Ligand binding assays were performed to examine the role of N-linked glycosylation on D5 receptor function. Prevention of nascent D5 receptor glycosylation by tunicamycin prohibited D5 receptor-ligand interaction. However, removal of N-linked sugars from D5 receptors already resident in the plasma membrane (using N-glycosidase F) had no apparent effect on ligand binding. The inability of unglycosylated D5 receptors (tunicamycin-treatment) to bind ligand is most likely due to the expression of a misfolded polypeptide. The addition of N-linked sugars occurs immediately following the emergence of the nascent polypeptide in the lumen of the endoplasmic reticulum and, therefore, occurs before protein folding and assembly. It is likely that large, hydrophilic carbohydrate chains added to the D5 receptor facilitate the process of receptor folding. Without the addition of N-linked sugars, the D5 receptor may fail to achieve the conformational structure necessary to bind ligand (Fig. 7D).

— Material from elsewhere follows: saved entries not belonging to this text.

(* Let $f:\mathbb{R}^n\to\mathbb{R}^n$ be continuously differentiable with $f(0)=0$, and let $A=Df(0)$ be Hurwitz; write $g(x)=f(x)-Ax$. Let $Q$ be a symmetric positive definite matrix and $P$ the solution of $PA+A^TP=-Q$. Let $c>0$ and $r>0$ be such that $r<\lambda_{\min}(Q)$ and $x^TPx\le c$ implies $2x^TPg(x)\le r\|x\|^2$. Let $X\subset\mathbb{R}^n$ be compact, let $W_N:X\to\mathbb{R}$ be continuously differentiable, let $\dot W_N(x)=\nabla W_N(x)\cdot f(x)$, and let $\varepsilon>0$ and $c_2>c_1>0$. Suppose that for all $x\in X$: (a) $c_1\le W_N(x)\le c_2$ implies $\dot W_N(x)\le-\varepsilon$, and (b) $W_N(x)\le c_1$ implies $x^TPx\le c$. If the set $\mathcal{W}_{c_2}=\{x\in X: W_N(x)\le c_2\}$ does not intersect the boundary of $X$, then $\mathcal{W}_{c_2}$ is contained in the domain of attraction of the origin for $\dot x=f(x)$, i.e. every solution starting in $\mathcal{W}_{c_2}$ converges to $0$.
   Context: The domain of attraction of the origin is the set of initial conditions $x$ whose solution $\phi(t,x)$ of $\dot x=f(x)$ satisfies $\phi(t,x)\to0$ as $t\to\infty$. $\lambda_{\min}(Q)$ denotes the smallest eigenvalue of $Q$. *)

theory Defs
  imports "HOL-Analysis.Analysis"
begin

definition cmat :: "real^'n^'n \<Rightarrow> complex^'n^'n" where
  "cmat A = (\<chi> i j. complex_of_real (A $ i $ j))"

definition hurwitz :: "real^'n^'n \<Rightarrow> bool" where
  "hurwitz A \<longleftrightarrow> (\<forall>\<mu>::complex. (\<exists>v::complex^'n. v \<noteq> 0 \<and> cmat A *v v = \<mu> *s v) \<longrightarrow> Re \<mu> < 0)"

definition symmetric_mat :: "real^'n^'n \<Rightarrow> bool" where
  "symmetric_mat Q \<longleftrightarrow> transpose Q = Q"

definition pos_def_mat :: "real^'n^'n \<Rightarrow> bool" where
  "pos_def_mat Q \<longleftrightarrow> (\<forall>x. x \<noteq> 0 \<longrightarrow> x \<bullet> (Q *v x) > 0)"

definition lambda_min :: "real^'n^'n \<Rightarrow> real" where
  "lambda_min Q = Min {l::real. \<exists>v::real^'n. v \<noteq> 0 \<and> Q *v v = l *\<^sub>R v}"

definition is_solution :: "('a::real_normed_vector \<Rightarrow> 'a) \<Rightarrow> 'a \<Rightarrow> (real \<Rightarrow> 'a) \<Rightarrow> bool" where
  "is_solution f x0 \<phi> \<longleftrightarrow> \<phi> 0 = x0 \<and>
     (\<forall>t\<ge>0. (\<phi> has_vector_derivative f (\<phi> t)) (at t within {0..}))"

definition domain_of_attraction :: "('a::real_normed_vector \<Rightarrow> 'a) \<Rightarrow> 'a set" where
  "domain_of_attraction f = {x0. (\<exists>\<phi>. is_solution f x0 \<phi>) \<and>
      (\<forall>\<phi>. is_solution f x0 \<phi> \<longrightarrow> (\<phi> \<longlongrightarrow> 0) at_top)}"

end

(*
  Because A is Hurwitz, the Lyapunov equation forces P to be symmetric and positive definite.
  This is seen without matrix exponentials, through the Cayley transform (I + A)(I - A)^-1:
  its eigenvalues lie in the open unit disc, so its iterates are bounded, and along them the
  Lyapunov equation becomes a discrete one, which forces the iterates to 0.

  Since r < lambda_min(Q), on the ellipsoid x^T P x <= c the function V(x) = x^T P x decreases
  along solutions at rate at least (lambda_min(Q) - r) |x|^2, so the ellipsoid is forward
  invariant and solutions in it converge to 0 exponentially. A solution starting in W_c2 never
  leaves it, because W_c2 lies in the interior of X and W strictly decreases on its level set
  W = c2. Inside W_c2, W decreases at rate epsilon as long as W > c1, so the solution reaches
  W <= c1, where by (b) it has entered the ellipsoid. Solutions from W_c2 exist because f agrees
  on this compact set with a globally Lipschitz field, whose Picard operator is a contraction
  for an exponentially weighted sup norm.
*)

theory Submission
  imports Defs "Jordan_Normal_Form.Spectral_Radius" "HOL-Real_Asymp.Real_Asymp"
begin

hide_const (open) Matrix.mat Matrix.orthogonal
no_notation Matrix.vec_index (infixl \<open>$\<close> 100)
no_notation Matrix.scalar_prod (infix \<open>\<bullet>\<close> 70)

section \<open>Quadratic forms of real matrices\<close>

lemma uminus_matrix_vector_mult: "(- M) *v x = - (M *v x :: 'a::comm_ring_1^'n)"
  by (simp add: Finite_Cartesian_Product.vec_eq_iff matrix_vector_mult_def sum_negf)

lemma inner_matrix_vector_transpose: "(x::real^'n) \<bullet> (M *v y) = (transpose M *v x) \<bullet> y"
  by (metis dot_lmul_matrix transpose_matrix_vector)

lemma symmetric_mat_inner_commute:
  "symmetric_mat Q \<Longrightarrow> (x::real^'n) \<bullet> (Q *v y) = y \<bullet> (Q *v x)"
  unfolding symmetric_mat_def using inner_matrix_vector_transpose[of x Q y] by (simp add: inner_commute)

lemma continuous_on_quadratic_form: "continuous_on S (\<lambda>x::real^'n. x \<bullet> (M *v x))"
  by (intro continuous_intros bounded_linear.continuous_on[OF matrix_vector_mul_bounded_linear])

lemma quadratic_form_scaleR: "(a *\<^sub>R x) \<bullet> (M *v (a *\<^sub>R x)) = a\<^sup>2 * (x \<bullet> (M *v (x::real^'n)))"
  by (simp add: matrix_vector_mult_scaleR power2_eq_square)

lemma quadratic_form_upper_bound:
  obtains K where "K > 0" "\<And>x::real^'n. \<bar>x \<bullet> (M *v x)\<bar> \<le> K * (norm x)\<^sup>2"
proof -
  obtain K where K: "K > 0" "\<And>x. norm (M *v x) \<le> norm x * K"
    using bounded_linear.pos_bounded[OF matrix_vector_mul_bounded_linear] by blast
  have "\<bar>x \<bullet> (M *v x)\<bar> \<le> K * (norm x)\<^sup>2" for x
  proof -
    have "\<bar>x \<bullet> (M *v x)\<bar> \<le> norm x * norm (M *v x)" by (rule Cauchy_Schwarz_ineq2)
    also have "\<dots> \<le> norm x * (norm x * K)" by (intro mult_left_mono K(2)) auto
    finally show ?thesis by (simp add: power2_eq_square algebra_simps)
  qed
  with K(1) show ?thesis by (rule that)
qed

lemma quadratic_form_sphere_minimum:
  obtains u :: "real^'n" where "norm u = 1" "\<And>x. (u \<bullet> (M *v u)) * (norm x)\<^sup>2 \<le> x \<bullet> (M *v x)"
proof -
  have "sphere (0::real^'n) 1 \<noteq> {}"
    using norm_axis_1 by (metis mem_sphere_0 empty_iff)
  then obtain u where u: "u \<in> sphere (0::real^'n) 1"
    and min: "\<And>y. y \<in> sphere 0 1 \<Longrightarrow> u \<bullet> (M *v u) \<le> y \<bullet> (M *v y)"
    using continuous_attains_inf[OF compact_sphere _ continuous_on_quadratic_form] by blast
  have "(u \<bullet> (M *v u)) * (norm x)\<^sup>2 \<le> x \<bullet> (M *v x)" for x
  proof (cases "x = 0")
    case False
    have "(1 / norm x) *\<^sub>R x \<in> sphere 0 1" using False by simp
    from min[OF this] have "u \<bullet> (M *v u) \<le> (1 / norm x)\<^sup>2 * (x \<bullet> (M *v x))"
      by (simp only: quadratic_form_scaleR)
    then show ?thesis
      using False by (simp add: field_simps)
  qed simp
  with u show ?thesis by (intro that) auto
qed

lemma pos_def_mat_lower_bound:
  assumes "pos_def_mat M"
  obtains p where "p > 0" "\<And>x::real^'n. p * (norm x)\<^sup>2 \<le> x \<bullet> (M *v x)"
proof -
  obtain u :: "real^'n" where "norm u = 1" "\<And>x. (u \<bullet> (M *v u)) * (norm x)\<^sup>2 \<le> x \<bullet> (M *v x)"
    using quadratic_form_sphere_minimum[of M] by blast
  moreover have "u \<bullet> (M *v u) > 0"
    using assms \<open>norm u = 1\<close> unfolding pos_def_mat_def by (metis norm_zero zero_neq_one)
  ultimately show ?thesis using that by blast
qed

lemma linear_le_quadratic_imp_nonpos:
  fixes D c :: real
  assumes "\<And>s. 2 * s * D \<le> s\<^sup>2 * c"
  shows "D \<le> 0"
proof (rule ccontr)
  assume "\<not> D \<le> 0"
  define s where "s = D / (\<bar>c\<bar> + 1)"
  have "s > 0" using \<open>\<not> D \<le> 0\<close> unfolding s_def by simp
  then have "2 * D \<le> s * c"
    using assms[of s] by (simp add: power2_eq_square mult.assoc mult_le_cancel_left_pos)
  also have "s * c \<le> s * \<bar>c\<bar>"
    using \<open>s > 0\<close> by (simp add: mult_left_mono)
  also have "\<dots> = D * (\<bar>c\<bar> / (\<bar>c\<bar> + 1))"
    unfolding s_def by simp
  also have "\<dots> \<le> D"
    using \<open>\<not> D \<le> 0\<close> by (intro mult_left_le) auto
  finally show False using \<open>\<not> D \<le> 0\<close> by simp
qed

text \<open>The first-order condition comes from perturbing \<open>u\<close> along the residual \<open>d = Q u - m u\<close>,
  which is orthogonal to \<open>u\<close>.\<close>

lemma symmetric_mat_sphere_minimizer_eigenvector:
  fixes Q :: "real^'n^'n"
  assumes sym: "symmetric_mat Q" and u: "norm u = 1"
    and min: "\<And>x. (u \<bullet> (Q *v u)) * (norm x)\<^sup>2 \<le> x \<bullet> (Q *v x)"
  shows "Q *v u = (u \<bullet> (Q *v u)) *\<^sub>R u"
proof -
  define m where "m = u \<bullet> (Q *v u)"
  define d where "d = Q *v u - m *\<^sub>R u"
  have uu: "u \<bullet> u = 1" using u by (simp add: dot_square_norm)
  have "d \<bullet> u = (Q *v u) \<bullet> u - m * (u \<bullet> u)"
    unfolding d_def by (simp add: inner_diff_left)
  then have du: "d \<bullet> u = 0"
    unfolding m_def uu by (simp add: inner_commute)
  have "(norm d)\<^sup>2 = d \<bullet> (Q *v u - m *\<^sub>R u)"
    by (simp add: power2_norm_eq_inner d_def[symmetric])
  then have dQu: "d \<bullet> (Q *v u) = (norm d)\<^sup>2"
    using du by (simp add: inner_diff_right)
  have "2 * s * (norm d)\<^sup>2 \<le> s\<^sup>2 * (d \<bullet> (Q *v d) - m * (norm d)\<^sup>2)" for s
  proof -
    have "m * (norm (u - s *\<^sub>R d))\<^sup>2 \<le> (u - s *\<^sub>R d) \<bullet> (Q *v (u - s *\<^sub>R d))"
      using min unfolding m_def by blast
    moreover have "(norm (u - s *\<^sub>R d))\<^sup>2 = 1 + s\<^sup>2 * (norm d)\<^sup>2"
      unfolding power2_norm_eq_inner using uu du
      by (simp add: inner_diff_left inner_diff_right inner_commute power2_eq_square)
    moreover have "(u - s *\<^sub>R d) \<bullet> (Q *v (u - s *\<^sub>R d))
        = u \<bullet> (Q *v u) - s * (u \<bullet> (Q *v d)) - s * (d \<bullet> (Q *v u)) + s\<^sup>2 * (d \<bullet> (Q *v d))"
      by (simp add: matrix_vector_mult_diff_distrib matrix_vector_mult_scaleR inner_diff_left
          inner_diff_right power2_eq_square algebra_simps)
    ultimately have "m * (1 + s\<^sup>2 * (norm d)\<^sup>2) \<le> m - 2 * s * (norm d)\<^sup>2 + s\<^sup>2 * (d \<bullet> (Q *v d))"
      using symmetric_mat_inner_commute[OF sym, of u d] dQu unfolding m_def by simp
    then show ?thesis by (simp add: algebra_simps)
  qed
  then have "(norm d)\<^sup>2 \<le> 0" by (rule linear_le_quadratic_imp_nonpos)
  then show ?thesis unfolding d_def m_def by simp
qed

lemma symmetric_mat_finite_eigenvalues:
  fixes Q :: "real^'n^'n"
  assumes sym: "symmetric_mat Q"
  shows "finite {l. \<exists>v. v \<noteq> 0 \<and> Q *v v = l *\<^sub>R v}" (is "finite ?S")
proof -
  have "\<forall>l\<in>?S. \<exists>v. v \<noteq> 0 \<and> Q *v v = l *\<^sub>R v" by blast
  from bchoice[OF this] obtain ev where ev: "\<forall>l\<in>?S. ev l \<noteq> 0 \<and> Q *v ev l = l *\<^sub>R ev l"
    by blast
  have inj: "inj_on ev ?S"
  proof (rule inj_onI)
    fix l l' assume l: "l \<in> ?S" and l': "l' \<in> ?S" and eq: "ev l = ev l'"
    from ev l have "ev l \<noteq> 0 \<and> Q *v ev l = l *\<^sub>R ev l" ..
    moreover from ev l' have "ev l' \<noteq> 0 \<and> Q *v ev l' = l' *\<^sub>R ev l'" ..
    ultimately show "l = l'" unfolding eq by simp
  qed
  have "orthogonal (ev l) (ev l')" if l: "l \<in> ?S" and l': "l' \<in> ?S" and ne: "l \<noteq> l'" for l l'
  proof -
    from ev l have "ev l \<noteq> 0 \<and> Q *v ev l = l *\<^sub>R ev l" ..
    moreover from ev l' have "ev l' \<noteq> 0 \<and> Q *v ev l' = l' *\<^sub>R ev l'" ..
    moreover have "ev l' \<bullet> (Q *v ev l) = ev l \<bullet> (Q *v ev l')"
      by (rule symmetric_mat_inner_commute[OF sym])
    ultimately have "l * (ev l \<bullet> ev l') = l' * (ev l \<bullet> ev l')"
      by (simp add: inner_commute)
    with ne show ?thesis unfolding real_inner_class.orthogonal_def by simp
  qed
  then have "pairwise orthogonal (ev ` ?S)"
    unfolding pairwise_def by blast
  moreover have "0 \<notin> ev ` ?S"
  proof
    assume "0 \<in> ev ` ?S"
    then obtain l where l: "l \<in> ?S" and "0 = ev l" by (rule imageE)
    moreover from ev l have "ev l \<noteq> 0 \<and> Q *v ev l = l *\<^sub>R ev l" ..
    ultimately show False by simp
  qed
  ultimately have "independent (ev ` ?S)" by (rule pairwise_orthogonal_independent)
  then have "finite (ev ` ?S)" by (rule independent_bound[THEN conjunct1])
  then show ?thesis using inj by (rule finite_imageD)
qed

It is apparent that functional expression of D5 dopamine receptors at the cell surface of HEK 293 cells requires the addition of N-linked carbohydrates, whereas D1 receptor trafficking is governed by other, as yet, unidentified factors. Specific sorting sequences located within the D1 and D5 receptors may also be involved with the functional expression of these receptors at the cell surface. In fact, recently, a new family of proteins that serve to regulate plasma membrane delivery and function of membrane-spanning proteins has been identified. These proteins, termed RAMPs (receptor-activity modifying proteins) (McLatchie et al., 1998) are sensitive to the glycosylation state of the seven transmembrane domain receptors with which they interact and aid in directing the receptors to the plasma membrane. Analysis of protein interactions involving D1 and D5 dopamine receptors may identify RAMPs or other accessory/regulatory molecules involved with the trafficking of these dopamine receptors in vivo.